PhD Seminar • Artificial Intelligence | Machine Learning • Decoupling Extrinsic and Intrinsic Drives: Flexible Exploration versus Exploitation

Friday, January 30, 2026 1:30 pm - 2:30 pm EST (GMT -05:00)

Please note: This PhD seminar will take place in DC 2314 and online.

Junteng Zheng, PhD candidate
David R. Cheriton School of Computer Science

Supervisor: Professor Jeff Orchard

A persistent challenge in reinforcement learning is getting an agent to explore intelligently when external rewards are rare — like trying to learn in the dark with only occasional hints. Intrinsic reward is one of the most popular ways to give an AI “curiosity” and push it to discover useful behaviors in sparse-reward settings, but many existing approaches still struggle with efficiency and with balancing exploration and exploitation.

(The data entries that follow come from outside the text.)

lemma finite_simple_graph_image:
  assumes "finite_simple_graph V E" "inj_on \<psi> V"
  shows "finite_simple_graph (\<psi> ` V) ((`) \<psi> ` E)"
proof -
  have V: "finite V" and E: "\<And>e. e \<in> E \<Longrightarrow> e \<subseteq> V \<and> card e = 2"
    using assms(1) unfolding finite_simple_graph_def by blast+
  have "\<psi> ` e \<subseteq> \<psi> ` V \<and> card (\<psi> ` e) = 2" if "e \<in> E" for e
  proof -
    have "e \<subseteq> V" "card e = 2" using E[OF that] by blast+
    moreover have "card (\<psi> ` e) = card e"
      by (rule card_image, rule inj_on_subset[OF assms(2) \<open>e \<subseteq> V\<close>])
    ultimately show ?thesis by (simp add: image_mono)
  qed
  with V show ?thesis unfolding finite_simple_graph_def by simp
qed

lemma kron_embed_sides: "fst (fst (kron_embed c d0 d1 u)) \<noteq> fst (snd (kron_embed c d0 d1 u)) \<longleftrightarrow> c"
proof -
  obtain s x where "u = (s, x)" by fastforce
  then show ?thesis by (cases s) simp_all
qed

lemma kron_embed_disjoint: "kron_embed False d0 d1 ` A \<inter> kron_embed True d0' d1' ` B = {}"
proof -
  have "fst (fst v) = fst (snd v)" if "v \<in> kron_embed False d0 d1 ` A" for v
    using that kron_embed_sides[of False d0 d1] by force
  moreover have "fst (fst v) \<noteq> fst (snd v)" if "v \<in> kron_embed True d0' d1' ` B" for v
    using that kron_embed_sides[of True d0' d1'] by force
  ultimately show ?thesis by blast
qed

theorem theorem3p6:
  fixes m n p q :: nat
  assumes "m > 0" and "n > 0" and "p > 0" and "q > 0"
  shows "thickness (kron (Kbip m n) (Kbip p q))
           = max (thickness (Kbip (m * p) (n * q))) (thickness (Kbip (m * q) (n * p)))"
proof -
  let ?\<phi> = "kron_embed False p q" and ?\<chi> = "kron_embed True q p"
  obtain V1 E1 V2 E2
    where K1: "Kbip (m * p) (n * q) = (V1, E1)" and K2: "Kbip (m * q) (n * p) = (V2, E2)"
    by fastforce
  have simple: "finite_simple_graph V1 E1" "finite_simple_graph V2 E2"
    using finite_simple_graph_Kbip K1 K2 by (metis fst_conv snd_conv)+
  then have edges: "\<And>e. e \<in> E1 \<Longrightarrow> e \<subseteq> V1" "\<And>e. e \<in> E2 \<Longrightarrow> e \<subseteq> V2"
    unfolding finite_simple_graph_def by blast+
  have "thickness (kron (Kbip m n) (Kbip p q)) =
      thickness (?\<phi> ` V1 \<union> ?\<chi> ` V2, (`) ?\<phi> ` E1 \<union> (`) ?\<chi> ` E2)"
    using kron_Kbip_eq[OF assms(3,4), of m n] K1 K2 by simp
  also have "\<dots> = max (thickness (?\<phi> ` V1, (`) ?\<phi> ` E1)) (thickness (?\<chi> ` V2, (`) ?\<chi> ` E2))"
    using simple
    by (intro thickness_disjoint_Un finite_simple_graph_image inj_kron_embed kron_embed_disjoint)
  also have "\<dots> = max (thickness (V1, E1)) (thickness (V2, E2))"
    using thickness_image[OF inj_kron_embed edges(1)] thickness_image[OF inj_kron_embed edges(2)]
    by simp
  finally show ?thesis unfolding K1 K2 .
qed

end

In this seminar, I will present an alternative mechanism for leveraging intrinsic motivation that avoids directly combining intrinsic and extrinsic rewards, called Decoupled Intrinsic–Extrinsic Control (DIEC). We model a single agent as two decision-making subsystems with distinct objectives: one optimized solely for extrinsic, task-specific rewards, and the other driven exclusively by intrinsic motivation. Because these subsystems may advocate different actions, we reconcile them through a voting-based action selection mechanism. This design allows curiosity to influence behavior at the decision-making level rather than through reward shaping, providing a simple and principled framework for integrating intrinsic motivation into reinforcement learning. Empirical results demonstrate improved efficiency and effectiveness, and more reliable handling of the exploration–exploitation trade-off.


To attend this PhD seminar in person, please go to DC 2314. You can also attend virtually on Zoom.